Before 2009, Oklahoma might have experienced one to two low-magnitude earthquakes per year. Since 2014, Oklahoma has experienced one to two low-magnitude earthquakes per day, with a few instances of higher magnitude (between magnitude 5 and 6) earthquakes that caused some damage.

In addition to the increased use of wastewater injection related to oil and natural gas production in the region, the geologic conditions in central Oklahoma are conducive to triggering seismic activity. The rock underlying the formations where disposal water is being injected in the region has existing faults that are susceptible to the changing stresses caused by fluid injection. Without these geologic conditions, induced seismicity would be much less common. For example, induced seismicity in the Bakken region of North Dakota and Montana is relatively rare.

❝ The USGS in 2017 issued an updated seismic hazard forecast for the central and eastern United States. This forecast attempts to estimate the chance of damage caused by earthquakes in the region of interest. The 2017 forecasted seismic rates are still significantly elevated compared with pre-2009 levels but lower than their peak in 2015.

The USGS report indicates that the recent decline may be related to decreased wastewater injection, because production in the region has decreased since the 2014 drop in oil prices.

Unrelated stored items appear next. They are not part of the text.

(* Assume Assumption (S) and the upwind condition $A_{i,0}=0$ for all $i$, and let $\mathbb D^*:\mathbb V^k\to\mathbb V^k$ be defined by $(\mathbb D^*v,\omega)_*=\tau\mathcal H^*(v,\omega)$ for all $\omega\in\mathbb V^k$. Then: (1) (skew-symmetry) $(\mathbb D^*v,\omega)_*+(v,\mathbb D^*\omega)_*=-\tau\beta\langle[\![v]\!],[\![\omega]\!]\rangle$ for all $v,\omega\in\mathbb V^k$; (2) (non-positivity) for every symmetric positive semi-definite matrix $(\theta_{\kappa,\kappa_0})$ and every family $\{v_\kappa\}\subset\mathbb V^k$, $\sum_{\kappa,\kappa_0}\theta_{\kappa,\kappa_0}(\mathbb D^*v_\kappa,v_{\kappa_0})_*=-\frac{\tau\beta}{2}\sum_{\kappa,\kappa_0}\theta_{\kappa,\kappa_0}\langle[\![v_\kappa]\!],[\![v_{\kappa_0}]\!]\rangle\le0$; (3) (weak boundedness) $(\mathbb D^*v,\omega)_*\le C\frac{\tau}{h}\|v\|_*\|\omega\|_*$ for all $v,\omega\in\mathbb V^k$, with $C$ independent of $\tau,h$.
   Context: Let $\Omega=[a,b]$ be partitioned into finitely many cells $I_i=[x_{i-\frac12},x_{i+\frac12}]$ with sizes $h_i$, $h=\max_ih_i$, quasi-uniform ($h\le Ch_i$, fixed $C$); indices periodic. $(\cdot,\cdot)$: $L^2(\Omega)$ inner product; $(\cdot,\cdot)_{I_i}$: $L^2(I_i)$ inner product. $\mathbb V^k=\{v\in L^2(\Omega): v|_{I_i}\in\mathbb P^k(I_i)\ \forall i\}$. Each $I_i$ has subdivision points $x_{i-\frac12}=x_{i,0}<x_{i,1}<\dots<x_{i,k}<x_{i,k+1}=x_{i+\frac12}$, control volumes $I_{i,j}=[x_{i,j},x_{i,j+1}]$; $\mathbb V^{k,*}$ = functions constant on each $I_{i,j}$. Quadrature on $I_i$: $Q_i^k(v)=\sum_{j=0}^{k+1}A_{i,j}v(x_{i,j})$ (applied to restrictions to $I_i$), error $R_i^k(v)=\int_{I_i}v\,dx-Q_i^k(v)$, exact on $\mathbb P^{k-1}(I_i)$. $M^*:\mathbb V^k\to\mathbb V^{k,*}$: for $v=\omega|_{I_i}$, $(M^*\omega)|_{I_{i,0}}=v(x_{i-\frac12})+A_{i,0}v'(x_{i-\frac12})$, $(M^*\omega)|_{I_{i,j}}-(M^*\omega)|_{I_{i,j-1}}=A_{i,j}v'(x_{i,j})$, $j=1,\dots,k$. $L_{i,\ell}$: shifted Legendre polynomial of degree $\ell$ on $I_i$, $L_{i,\ell}(x_{i+\frac12})=1$, $(L_{i,\ell},L_{i,m})_{I_i}=\delta_{\ell m}h_i/(2\ell+1)$. Assumption (S): $k\ge1$ and for every $i$, $R_i^k$ vanishes on $\mathbb P^{2k-1}(I_i)$ and $\frac{h_i}{2k-1}-Q_i^k(L_{i,k+1}L_{i,k-1})>0$; then $(v,\omega)_*:=(v,M^*\omega)$ is an inner product on $\mathbb V^k$, $\|v\|_*=\sqrt{(v,v)_*}$. Jumps $[\![v]\!]_{i+\frac12}=v(x_{i+\frac12}^+)-v(x_{i+\frac12}^-)$, $\langle[\![v]\!],[\![\omega]\!]\rangle=\sum_i[\![v]\!]_{i+\frac12}[\![\omega]\!]_{i+\frac12}$. With $A_{i,0}=0$, for $v,\omega\in\mathbb V^k$: $\mathcal H^*(v,\omega)=\beta\big(\sum_iQ_i^k(v\omega_x)+\sum_iv(x_{i+\frac12}^-)[\![\omega]\!]_{i+\frac12}\big)$, $\beta>0$ constant; $\tau>0$ is the time step. *)

theory Defs
  imports "HOL-Analysis.Analysis" "HOL-Computational_Algebra.Polynomial"
begin

text \<open>Legendre polynomials on [-1,1] (Bonnet recursion), normalised by P_n(1) = 1.\<close>
fun legendre :: "nat \<Rightarrow> real poly" where
  "legendre 0 = 1"
| "legendre (Suc 0) = [:0, 1:]"
| "legendre (Suc (Suc n)) =
     smult ((2 * real n + 3) / (real n + 2)) ([:0, 1:] * legendre (Suc n))
     - smult ((real n + 1) / (real n + 2)) (legendre n)"

definition shleg :: "real \<Rightarrow> real \<Rightarrow> nat \<Rightarrow> real \<Rightarrow> real" where
  "shleg c d l t = poly (legendre l) (2 * (t - c) / (d - c) - 1)"

definition quad :: "nat \<Rightarrow> (nat \<Rightarrow> real) \<Rightarrow> (nat \<Rightarrow> real) \<Rightarrow> (real \<Rightarrow> real) \<Rightarrow> real" where
  "quad k nd wt f = (\<Sum>j\<le>Suc k. wt j * f (nd j))"

definition valid_nodes :: "nat \<Rightarrow> real \<Rightarrow> real \<Rightarrow> (nat \<Rightarrow> real) \<Rightarrow> bool" where
  "valid_nodes k c d nd \<longleftrightarrow> nd 0 = c \<and> nd (Suc k) = d \<and> (\<forall>j\<le>k. nd j < nd (Suc j))"

definition assumption_S :: "nat \<Rightarrow> real \<Rightarrow> real \<Rightarrow> (nat \<Rightarrow> real) \<Rightarrow> (nat \<Rightarrow> real) \<Rightarrow> bool" where
  "assumption_S k c d nd wt \<longleftrightarrow> 1 \<le> k \<and>
     (\<forall>p :: real poly. degree p \<le> 2 * k - 1 \<longrightarrow>
         integral {c..d} (poly p) - quad k nd wt (poly p) = 0) \<and>
     (d - c) / (2 * real k - 1)
        - quad k nd wt (\<lambda>t. shleg c d (k + 1) t * shleg c d (k - 1) t) > 0"

text \<open>Mesh: cells I_i = [x i, x (i+1)], i < N. The quadrature on cell i is the affine image
  of a reference rule (nodes xi, weights w) on [0,1].\<close>
definition cnode :: "(nat \<Rightarrow> real) \<Rightarrow> (nat \<Rightarrow> real) \<Rightarrow> nat \<Rightarrow> nat \<Rightarrow> real" where
  "cnode x xi i j = x i + xi j * (x (Suc i) - x i)"

definition cweight :: "(nat \<Rightarrow> real) \<Rightarrow> (nat \<Rightarrow> real) \<Rightarrow> nat \<Rightarrow> nat \<Rightarrow> real" where
  "cweight x w i j = w j * (x (Suc i) - x i)"

definition meshsize :: "nat \<Rightarrow> (nat \<Rightarrow> real) \<Rightarrow> real" where
  "meshsize N x = Max ((\<lambda>i. x (Suc i) - x i) ` {..<N})"

text \<open>Elements of V^k are represented by their restrictions to the cells.\<close>
definition Vk :: "nat \<Rightarrow> nat \<Rightarrow> (nat \<Rightarrow> real poly) \<Rightarrow> bool" where
  "Vk N k v \<longleftrightarrow> (\<forall>i<N. degree (v i) \<le> k)"

text \<open>Value of M^* omega on control volume I_{i,j}, j = 0..k.\<close>
definition Mstar :: "(nat \<Rightarrow> real) \<Rightarrow> (nat \<Rightarrow> real) \<Rightarrow> (nat \<Rightarrow> real) \<Rightarrow> (nat \<Rightarrow> real poly)
    \<Rightarrow> nat \<Rightarrow> nat \<Rightarrow> real" where
  "Mstar x xi w om i j = poly (om i) (x i)
     + (\<Sum>l\<le>j. cweight x w i l * poly (pderiv (om i)) (cnode x xi i l))"

text \<open>(v, omega)_* = (v, M^* omega).\<close>
definition star_ip :: "nat \<Rightarrow> nat \<Rightarrow> (nat \<Rightarrow> real) \<Rightarrow> (nat \<Rightarrow> real) \<Rightarrow> (nat \<Rightarrow> real)
    \<Rightarrow> (nat \<Rightarrow> real poly) \<Rightarrow> (nat \<Rightarrow> real poly) \<Rightarrow> real" where
  "star_ip N k x xi w v om = (\<Sum>i<N. \<Sum>j\<le>k. Mstar x xi w om i j *
      integral {cnode x xi i j .. cnode x xi i (Suc j)} (poly (v i)))"

definition star_norm :: "nat \<Rightarrow> nat \<Rightarrow> (nat \<Rightarrow> real) \<Rightarrow> (nat \<Rightarrow> real) \<Rightarrow> (nat \<Rightarrow> real)
    \<Rightarrow> (nat \<Rightarrow> real poly) \<Rightarrow> real" where
  "star_norm N k x xi w v = sqrt (star_ip N k x xi w v v)"

text \<open>Periodic jump at x_{i+1/2}: v(x^+) - v(x^-).\<close>
definition jump :: "nat \<Rightarrow> (nat \<Rightarrow> real) \<Rightarrow> (nat \<Rightarrow> real poly) \<Rightarrow> nat \<Rightarrow> real" where
  "jump N x v i = poly (v (Suc i mod N)) (x (Suc i mod N)) - poly (v i) (x (Suc i))"

definition jump_ip :: "nat \<Rightarrow> (nat \<Rightarrow> real) \<Rightarrow> (nat \<Rightarrow> real poly) \<Rightarrow> (nat \<Rightarrow> real poly) \<Rightarrow> real" where
  "jump_ip N x v om = (\<Sum>i<N. jump N x v i * jump N x om i)"

text \<open>H^*(v, omega) (upwind case A_{i,0} = 0).\<close>
definition Hstar :: "nat \<Rightarrow> nat \<Rightarrow> (nat \<Rightarrow> real) \<Rightarrow> (nat \<Rightarrow> real) \<Rightarrow> (nat \<Rightarrow> real) \<Rightarrow> real
    \<Rightarrow> (nat \<Rightarrow> real poly) \<Rightarrow> (nat \<Rightarrow> real poly) \<Rightarrow> real" where
  "Hstar N k x xi w \<beta> v om = \<beta> *
     ((\<Sum>i<N. \<Sum>j\<le>Suc k. cweight x w i j *
         (poly (v i) (cnode x xi i j) * poly (pderiv (om i)) (cnode x xi i j)))
      + (\<Sum>i<N. poly (v i) (x (Suc i)) * jump N x om i))"

end

(*
  On a single cell, pulled back to [0, 1], summation by parts and the exactness of the
  quadrature on P^(2k-1) give

    (p, q)_* = int_0^1 p q + k / (k + 1) * rho * lc p * lc q,

  where rho is the quadrature error of t^(2k) and lc p is the coefficient of t^k in p.
  Hence (.,.)_* is symmetric, and in the shifted Legendre basis it is diagonal with weights
  1 / (2l + 1) for l < k and gamma for l = k.  Assumption (S) says exactly that gamma > 0, so
  (.,.)_* is positive definite and, P^k being finite dimensional, it bounds the values of p
  and p' at the quadrature nodes.

  Exactness also gives Q(p q') + Q(q p') = [p q] evaluated from 0 to 1 on each cell, and the
  cell boundary terms together with the upwind fluxes telescope around the periodic mesh to
  minus the jump term; this is the skew-symmetry.  Non-positivity follows by symmetrising the
  double sum and applying the semidefiniteness of theta interface by interface.  Weak
  boundedness follows from the node bounds, Cauchy-Schwarz over the cells and h_i >= h / Cq.
*)

theory Submission
  imports Defs
begin

lemma pderiv_sum: "pderiv (sum f A) = (\<Sum>x\<in>A. pderiv (f x))"
  using higher_pderiv_sum[of 1 f A] by simp

lemma coeff_mult_degree_bounds:
  fixes p q :: "'a::comm_semiring_0 poly"
  assumes "degree p \<le> a" "degree q \<le> b"
  shows "coeff (p * q) (a + b) = coeff p a * coeff q b"
proof (cases "degree p = a \<and> degree q = b")
  case True
  then show ?thesis using coeff_mult_degree_sum[of p q] by simp
next
  case False
  then have "degree (p * q) < a + b"
    using assms degree_mult_le[of p q] by linarith
  with False assms show ?thesis
    by (auto simp: coeff_eq_0 le_less)
qed

lemma sum_by_parts_partial_sums:
  fixes c :: "'a::comm_ring"
  shows "(\<Sum>j\<le>n. (c + (\<Sum>l\<le>j. d l)) * (V j - V (Suc j))) =
     c * V 0 + (\<Sum>j\<le>n. d j * V j) - (c + (\<Sum>l\<le>n. d l)) * V (Suc n)"
  by (induction n) (simp_all add: algebra_simps)

lemma sum_lessThan_Suc_mod:
  assumes "0 < N"
  shows "(\<Sum>i<N. f (Suc i mod N)) = (\<Sum>i<N. f i)"
proof -
  obtain M where N: "N = Suc M"
    using assms by (cases N) auto
  have "(\<Sum>i<Suc M. f (Suc i mod Suc M)) = f 0 + (\<Sum>i<M. f (Suc i))"
    by (simp add: lessThan_Suc)
  also have "\<dots> = (\<Sum>i<Suc M. f i)"
    by (simp only: sum.lessThan_Suc_shift)
  finally show ?thesis
    by (simp add: N)
qed

lemma abs_mult_le_of_abs_le:
  fixes x y :: "'a::linordered_idom"
  shows "\<bar>x\<bar> \<le> X \<Longrightarrow> \<bar>y\<bar> \<le> Y \<Longrightarrow> \<bar>x * y\<bar> \<le> X * Y"
  by (simp add: abs_mult mult_mono')

lemma abs_sum_mult_le_L2_set: "\<bar>\<Sum>i\<in>A. f i * g i\<bar> \<le> L2_set f A * L2_set g A"
  using sum_abs[of "\<lambda>i. f i * g i" A] L2_set_mult_ineq[of f g A] by (simp add: abs_mult)

lemma double_sum_skew_part:
  fixes \<theta> s J :: "'a \<Rightarrow> 'a \<Rightarrow> real"
  assumes sym: "\<And>a b. a \<in> A \<Longrightarrow> b \<in> A \<Longrightarrow> \<theta> a b = \<theta> b a"
    and skew: "\<And>a b. a \<in> A \<Longrightarrow> b \<in> A \<Longrightarrow> s a b + s b a = c * J a b"
  shows "(\<Sum>a\<in>A. \<Sum>b\<in>A. \<theta> a b * s a b) = c / 2 * (\<Sum>a\<in>A. \<Sum>b\<in>A. \<theta> a b * J a b)"
proof -
  have "(\<Sum>a\<in>A. \<Sum>b\<in>A. \<theta> a b * s a b) = (\<Sum>a\<in>A. \<Sum>b\<in>A. \<theta> a b * s b a)"
    by (subst sum.swap) (intro sum.cong refl; simp add: sym)
  then have "2 * (\<Sum>a\<in>A. \<Sum>b\<in>A. \<theta> a b * s a b) = (\<Sum>a\<in>A. \<Sum>b\<in>A. \<theta> a b * (s a b + s b a))"
    by (simp add: distrib_left sum.distrib)
  also have "\<dots> = c * (\<Sum>a\<in>A. \<Sum>b\<in>A. \<theta> a b * J a b)"
    by (simp add: skew sum_distrib_left ac_simps cong: sum.cong)
  finally show ?thesis
    by simp
qed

Actions by authorities in various states to regulate wastewater injection practices and restrict injection into the most sensitive areas may also be helping to reduce both the number and intensity of small earthquakes.

Give ’em a chance, folks. My experience with fossil fuel producers in Gulf States and the Permian Basin tell me nothing trumps profits. Not damage to the environment. Not light-to-medium damage to homes and businesses. It will take heavy-duty death and destruction to press these greedy bastards to find healthier ways to fill their pockets.

2 thoughts on “Earthquake trends in Oklahoma related to wastewater injection

  1. Update says:

    Los Alamos scientists work on technique for estimating stress in earth’s crust from oil and gas activity (Oct 5, 2021)
    A study published in Nature’s Communications Earth and Environment journal looked at a way to estimate the orientation of stress in the earth’s crust without doing the traditional borehole analysis or looking at past earthquake data.
    Scientists focused on north-central Oklahoma, which has experienced earthquakes induced by the injection of produced water from the oil and gas operations, as well as north-central New Mexico, which was chosen to compare the Oklahoma results with an area straddling a continental rift around the Colorado Plateau.
    By looking at the nonlinear elasticity at different orientations, the scientists were able to estimate maximum horizontal compressive stress, or the amount of pressure from north-south orientation or east-west orientation that is pressing hardest on the rocks. This determines where fractures are most likely to be active. Analyzing this can determine where cracks will form in hydraulic fracturing and where earthquakes are more likely to occur as the result of injecting produced water or even carbon dioxide into the subsurface reservoirs.
    “Estimation of the orientation of stress in the Earth’s crust without earthquake or borehole data”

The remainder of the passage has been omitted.